It's easy to demonstrate that destructors run after evaluating `return` in Rust:
struct PrintOnDrop;
impl Drop for PrintOnDrop {
fn drop(&mut self) {
println!("dropped");
}
}
fn main() {
let p = PrintOnDrop;
return println!("returning");
}
But the idea of altering the return value of a function from within a `defer` block after a `return` is evaluated is zany. Please never do that, in any language.
EDIT: I don’t think you can actually put a return in a defer, I may have misremembered, it’s been several years.

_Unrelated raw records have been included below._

lemma subshift_image_subshift:
  assumes "X \<noteq> {}"
  shows "subshift (image_subshift \<tau> X)"
proof (rule subshiftI)
  show "image_subshift \<tau> X \<noteq> {}"
    using assms morphZ_in_image_subshift by blast
  have "subshift UNIV"
    using closedin_topspace[of fullshift_top] by (intro subshiftI) simp_all
  then show "closedin fullshift_top (image_subshift \<tau> X)"
    unfolding image_subshift_def by (intro closedin_Inter) (auto simp: subshift_def)
  show "shiftZ k y \<in> image_subshift \<tau> X" if "y \<in> image_subshift \<tau> X" for y k
    using that subshift_shiftZ unfolding image_subshift_def by blast
qed

text \<open>Recognizability of \<open>\<tau>\<close> in \<open>X\<close> says that every point of this set has a unique
  representation.\<close>

definition block_shifts :: "('a \<Rightarrow> 'b list) \<Rightarrow> (int \<Rightarrow> 'a) set \<Rightarrow> (int \<Rightarrow> 'b) set" where
  "block_shifts \<tau> X =
    {shiftZ k (morphZ \<tau> x) | x k. x \<in> X \<and> 0 \<le> k \<and> k < int (length (\<tau> (x 1)))}"

lemma block_shiftsE:
  assumes "z \<in> block_shifts \<tau> X"
  obtains x k where "x \<in> X" "0 \<le> k" "k < int (length (\<tau> (x 1)))" "z = shiftZ k (morphZ \<tau> x)"
  using assms unfolding block_shifts_def by blast

context
  fixes \<tau> :: "'a::finite \<Rightarrow> 'b list" and X :: "(int \<Rightarrow> 'a) set"
  assumes non_erasing: "non_erasing \<tau>" and subshift: "subshift X"
begin

lemma shiftZ_morphZ_in_block_shifts:
  assumes "x \<in> X"
  shows "shiftZ m (morphZ \<tau> x) \<in> block_shifts \<tau> X"
proof -
  obtain j k where jk: "0 \<le> k" "k < int (length (\<tau> (x (j + 1))))" "m = cumlen \<tau> x j + k"
    using cumlen_decomposition[OF non_erasing] by blast
  then have "shiftZ m (morphZ \<tau> x) = shiftZ k (morphZ \<tau> (shiftZ j x))"
    by (simp add: morphZ_shiftZ[OF non_erasing] add.commute)
  moreover have "shiftZ j x \<in> X"
    using subshift assms by (rule subshift_shiftZ)
  ultimately show ?thesis
    unfolding block_shifts_def mem_Collect_eq
    by (intro exI[of _ "shiftZ j x"] exI[of _ k]) (use jk in \<open>simp add: add.commute\<close>)
qed

lemma compactin_block_shifts: "compactin fullshift_top (block_shifts \<tau> X)"
proof -
  have "block_shifts \<tau> X = (\<Union>a. \<Union>k\<in>{0..<int (length (\<tau> a))}.
      (\<lambda>x. shiftZ k (morphZ \<tau> x)) ` (X \<inter> {x. x 1 = a}))" (is "_ = ?U")
  proof
    show "block_shifts \<tau> X \<subseteq> ?U"
    proof
      fix z
      assume "z \<in> block_shifts \<tau> X"
      then obtain x k where "x \<in> X" "0 \<le> k" "k < int (length (\<tau> (x 1)))"
        "z = shiftZ k (morphZ \<tau> x)"
        by (rule block_shiftsE)
      then show "z \<in> ?U"
        by (intro UN_I[of "x 1"] UN_I[of k]) auto
    qed
    show "?U \<subseteq> block_shifts \<tau> X"
    proof
      fix z
      assume "z \<in> ?U"
      then obtain a k x where "k \<in> {0..<int (length (\<tau> a))}" "x \<in> X" "x 1 = a"
        "z = shiftZ k (morphZ \<tau> x)"
        by blast
      then show "z \<in> block_shifts \<tau> X"
        unfolding block_shifts_def mem_Collect_eq by (intro exI[of _ x] exI[of _ k]) auto
    qed
  qed
  moreover have "compactin fullshift_top ((\<lambda>x. shiftZ k (morphZ \<tau> x)) ` (X \<inter> {x. x 1 = a}))"
    for a k
  proof (rule image_compactin)
    show "compactin fullshift_top (X \<inter> {x. x 1 = a})"
      using compactin_subshift[OF subshift] closedin_fullshift_letter by (rule compact_Int_closedin)
    show "continuous_map fullshift_top fullshift_top (\<lambda>x. shiftZ k (morphZ \<tau> x))"
      using continuous_map_compose[OF continuous_map_morphZ[OF non_erasing] continuous_map_shiftZ]
      by (simp add: o_def)
  qed
  ultimately show ?thesis
    by (auto intro!: compactin_Union)
qed

lemma image_subshift_eq_block_shifts: "image_subshift \<tau> X = block_shifts \<tau> X"
proof
  have "subshift (block_shifts \<tau> X)"
  proof (rule subshiftI)
    obtain x where "x \<in> X"
      using subshift by (auto simp: subshift_def)
    then show "block_shifts \<tau> X \<noteq> {}"
      using shiftZ_morphZ_in_block_shifts by blast
    show "closedin fullshift_top (block_shifts \<tau> X)"
      by (simp add: compactin_block_shifts compactin_imp_closedin Hausdorff_space_fullshift)
    show "shiftZ m z \<in> block_shifts \<tau> X" if "z \<in> block_shifts \<tau> X" for z m
      using that by (elim block_shiftsE) (simp add: shiftZ_morphZ_in_block_shifts)
  qed
  moreover have "morphZ \<tau> ` X \<subseteq> block_shifts \<tau> X"
    using shiftZ_morphZ_in_block_shifts[of _ 0] by auto
  ultimately show "image_subshift \<tau> X \<subseteq> block_shifts \<tau> X"
    by (rule image_subshift_least)
  have "subshift (image_subshift \<tau> X)"
    using subshift subshift_image_subshift by (auto simp: subshift_def)
  show "block_shifts \<tau> X \<subseteq> image_subshift \<tau> X"
  proof
    fix z
    assume "z \<in> block_shifts \<tau> X"
    then obtain x k where "x \<in> X" "z = shiftZ k (morphZ \<tau> x)"
      by (rule block_shiftsE)
    then show "z \<in> image_subshift \<tau> X"
      using \<open>subshift (image_subshift \<tau> X)\<close> morphZ_in_image_subshift subshift_shiftZ by blast
  qed
qed

lemma compactin_image_subshift: "compactin fullshift_top (image_subshift \<tau> X)"
  by (simp add: image_subshift_eq_block_shifts compactin_block_shifts)

end

section \<open>Recognizability as lifting of shifts\<close>

lemma recognizableD:
  assumes "recognizable \<tau> X" "x \<in> X" "x' \<in> X"
    and "0 \<le> k" "k < int (length (\<tau> (x 1)))" "0 \<le> l" "l < int (length (\<tau> (x' 1)))"
    and "shiftZ k (morphZ \<tau> x) = shiftZ l (morphZ \<tau> x')"
  shows "x = x' \<and> k = l"
  using assms unfolding recognizable_def by force

lemma recognizableI:
  assumes "\<And>x x' k l. x \<in> X \<Longrightarrow> x' \<in> X \<Longrightarrow> 0 \<le> k \<Longrightarrow> k < int (length (\<tau> (x 1)))
    \<Longrightarrow> 0 \<le> l \<Longrightarrow> l < int (length (\<tau> (x' 1)))
    \<Longrightarrow> shiftZ k (morphZ \<tau> x) = shiftZ l (morphZ \<tau> x') \<Longrightarrow> x = x' \<and> k = l"
  shows "recognizable \<tau> X"
  using assms unfolding recognizable_def by auto

definition lifts_shifts :: "('a \<Rightarrow> 'b list) \<Rightarrow> (int \<Rightarrow> 'a) set \<Rightarrow> bool" where
  "lifts_shifts \<tau> X \<longleftrightarrow> (\<forall>x\<in>X. \<forall>y\<in>X. \<forall>m. shiftZ m (morphZ \<tau> x) = morphZ \<tau> y
     \<longrightarrow> (\<exists>j. y = shiftZ j x \<and> m = cumlen \<tau> x j))"

context
  fixes \<tau> :: "'a \<Rightarrow> 'b list"
  assumes non_erasing: "non_erasing \<tau>"
begin

lemma recognizable_imp_lifts_shifts:
  assumes "subshift X" "recognizable \<tau> X"
  shows "lifts_shifts \<tau> X"
  unfolding lifts_shifts_def
proof (intro ballI allI impI)
  fix x y m
  assume "x \<in> X" "y \<in> X" and image_shift: "shiftZ m (morphZ \<tau> x) = morphZ \<tau> y"
  obtain j k where jk: "0 \<le> k" "k < int (length (\<tau> (x (j + 1))))" "m = cumlen \<tau> x j + k"
    using cumlen_decomposition[OF non_erasing] by blast
  have "shiftZ j x = y \<and> k = 0"
  proof (rule recognizableD[OF assms(2)])
    show "shiftZ j x \<in> X"
      using assms(1) \<open>x \<in> X\<close> by (rule subshift_shiftZ)
    show "shiftZ k (morphZ \<tau> (shiftZ j x)) = shiftZ 0 (morphZ \<tau> y)"
      using image_shift jk(3) by (simp add: morphZ_shiftZ[OF non_erasing] add.commute)
  qed (use \<open>y \<in> X\<close> jk length_pos[OF non_erasing] in \<open>simp_all add: add.commute\<close>)
  then show "\<exists>j. y = shiftZ j x \<and> m = cumlen \<tau> x j"
    using jk(3) by auto
qed
(* Let $n$ be odd and $\alpha>0$ with $\alpha\,bin(n,\tfrac12,i)\le1$ for all $i$. Let $P_e$ be the distribution on $\{0,1\}^{n+1}$ in which coordinate $i\in\{0,\ldots,n\}$ is independently $1$ with probability $S_e(i)$. Then the number of strings $u$ with $P_e(u)\ge e^{-\sqrt n/2}$ is at most $e^{\sqrt n/2}$, and the total probability $\sum_{u:\,P_e(u)<e^{-\sqrt n/2}}P_e(u)$ is at most $e^{\sqrt\alpha(2\pi n)^{1/4}-\sqrt n/4}$. The same holds for the analogous distribution induced by $S_o$.
   Context: $bin(n,p,k)=\binom nk p^k(1-p)^{n-k}$. $S_e(i)=\alpha\,bin(n,\tfrac12,i)$ for even $i$ and $0$ for odd $i$; $S_o(i)=\alpha\,bin(n,\tfrac12,i)$ for odd $i$ and $0$ for even $i$, for $i\in\{0,\ldots,n\}$. *)

theory Defs
  imports Complex_Main
begin

definition bin :: "nat \<Rightarrow> real \<Rightarrow> nat \<Rightarrow> real" where
  "bin n p k = real (n choose k) * p ^ k * (1 - p) ^ (n - k)"

definition S_e :: "real \<Rightarrow> nat \<Rightarrow> nat \<Rightarrow> real" where
  "S_e \<alpha> n i = (if even i then \<alpha> * bin n (1/2) i else 0)"

definition S_o :: "real \<Rightarrow> nat \<Rightarrow> nat \<Rightarrow> real" where
  "S_o \<alpha> n i = (if odd i then \<alpha> * bin n (1/2) i else 0)"

text \<open>A string u in {0,1}^(n+1) is represented by the set U of coordinates
  i in {0..n} with u_i = 1.  The product distribution with coordinate i equal
  to 1 independently with probability S i assigns it the following mass.\<close>
definition prod_dist :: "(nat \<Rightarrow> real) \<Rightarrow> nat \<Rightarrow> nat set \<Rightarrow> real" where
  "prod_dist S n U = (\<Prod>i\<in>{0..n}. if i \<in> U then S i else 1 - S i)"
lemma DERIV_within_nonpos_imp_decreasing:
  fixes f :: "real \<Rightarrow> real"
  assumes S: "is_interval S" and ab: "a \<in> S" "b \<in> S" "a \<le> b"
    and f': "\<And>t. t \<in> S \<Longrightarrow> (f has_real_derivative f' t) (at t within S)"
    and nonpos: "\<And>t. t \<in> S \<Longrightarrow> f' t \<le> 0"
  shows "f b \<le> f a"
  using DERIV_within_nonneg_imp_increasing[OF S ab, of "\<lambda>t. - f t" "\<lambda>t. - f' t"] f' nonpos
  by (simp add: DERIV_minus)

lemma first_zero:
  fixes m :: "real \<Rightarrow> real"
  assumes m: "continuous_on {a..b} m" and "a \<le> b" "0 < m a" "m b \<le> 0"
  obtains s where "a < s" "s \<le> b" "m s = 0" "\<And>\<tau>. a \<le> \<tau> \<Longrightarrow> \<tau> < s \<Longrightarrow> 0 < m \<tau>"
proof -
  define Z where "Z = {t \<in> {a..b}. m t = 0}"
  have zero_before: "\<exists>t\<in>Z. t \<le> \<tau>" if "\<tau> \<in> {a..b}" "m \<tau> \<le> 0" for \<tau>
    using IVT2'[of m \<tau> 0 a] that \<open>0 < m a\<close> continuous_on_subset[OF m]
    by (fastforce simp: Z_def)
  have "Z \<noteq> {}" "bdd_below Z"
    using zero_before[of b] assms unfolding Z_def by auto
  moreover have "closed Z"
    unfolding Z_def by (rule continuous_closed_preimage_constant[OF m]) simp
  ultimately have "Inf Z \<in> Z"
    by (rule closed_contains_Inf)
  moreover have "0 < m \<tau>" if "a \<le> \<tau>" "\<tau> < Inf Z" for \<tau>
  proof (rule ccontr)
    assume "\<not> 0 < m \<tau>"
    moreover have "\<tau> \<in> {a..b}"
      using that \<open>Inf Z \<in> Z\<close> by (auto simp: Z_def)
    ultimately obtain t where "t \<in> Z" "t \<le> \<tau>"
      using zero_before by force
    then show False
      using cInf_lower[OF _ \<open>bdd_below Z\<close>] that by fastforce
  qed
  moreover have "Inf Z \<noteq> a"
    using \<open>Inf Z \<in> Z\<close> \<open>0 < m a\<close> by (auto simp: Z_def)
  ultimately show ?thesis
    using that[of "Inf Z"] by (auto simp: Z_def)
qed

lemma DERIV_nonpos_at_first_zero:
  fixes f :: "real \<Rightarrow> real"
  assumes f': "(f has_real_derivative D) (at s)" and "f s = 0" "a < s"
    and pos: "\<And>\<tau>. a \<le> \<tau> \<Longrightarrow> \<tau> < s \<Longrightarrow> 0 < f \<tau>"
  shows "D \<le> 0"
proof (rule ccontr)
  assume "\<not> D \<le> 0"
  then obtain d where "0 < d" and d: "\<And>h. 0 < h \<Longrightarrow> h < d \<Longrightarrow> f (s - h) < f s"
    using DERIV_pos_inc_left[OF f'] by auto
  define h where "h = min d (s - a) / 2"
  have "0 < h" "h < d" "h \<le> s - a"
    using \<open>0 < d\<close> \<open>a < s\<close> by (auto simp: h_def)
  then show False
    using d[of h] pos[of "s - h"] \<open>f s = 0\<close> by auto
qed

lemma has_vector_derivative_Pair_iff:
  "((\<lambda>t. (f t, g t)) has_vector_derivative (f', g')) (at t within S) \<longleftrightarrow>
     (f has_vector_derivative f') (at t within S) \<and> (g has_vector_derivative g') (at t within S)"
proof
  assume "((\<lambda>t. (f t, g t)) has_vector_derivative (f', g')) (at t within S)"
  then have "((\<lambda>t. (f t, g t)) has_derivative (\<lambda>h. h *\<^sub>R (f', g'))) (at t within S)"
    by (simp add: has_vector_derivative_def)
  from has_derivative_fst[OF this] has_derivative_snd[OF this]
  show "(f has_vector_derivative f') (at t within S) \<and> (g has_vector_derivative g') (at t within S)"
    by (simp add: has_vector_derivative_def)
next
  assume "(f has_vector_derivative f') (at t within S) \<and> (g has_vector_derivative g') (at t within S)"
  then show "((\<lambda>t. (f t, g t)) has_vector_derivative (f', g')) (at t within S)"
    by (intro has_vector_derivative_Pair) auto
qed

lemma has_vector_derivative_within_Un:
  assumes "(f has_vector_derivative D) (at t within S)" "(f has_vector_derivative D) (at t within T)"
  shows "(f has_vector_derivative D) (at t within S \<union> T)"
  using assms unfolding has_vector_derivative_def has_derivative_within by (auto intro: Lim_Un)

Disregard this comment chain.
It gets even better in swift, because you can put the return statement in the defer, creating a sort of named return value:
func getInt() -> Int {
let i: Int // declared but not
// defined yet!
defer { return i }
// all code paths must define i
// exactly once, or it’s a compiler
// error
if foo() {
i = 0
} else {
i = 1
}
doOtherStuff()
}
No, I actually misremembered… you can’t return in a defer.
The magical thing I was misremembering is that you can reference a not-yet-defined value in a defer, so long as all code paths define it once:
fn callFoo() -> FooResult {
let fooParam: Int // declared, not defined yet
defer {
// fooParam must get defined by the end of the function
foo(fooParam)
otherStuffAfterFoo() // …
}
// all code paths must assign fooParam
if cond {
fooParam = 0
} else {
fooParam = 1
return // early return!
}
doOtherStuff()
}
Blame it on it being years since I’ve coded in swift, my memory is fuzzy.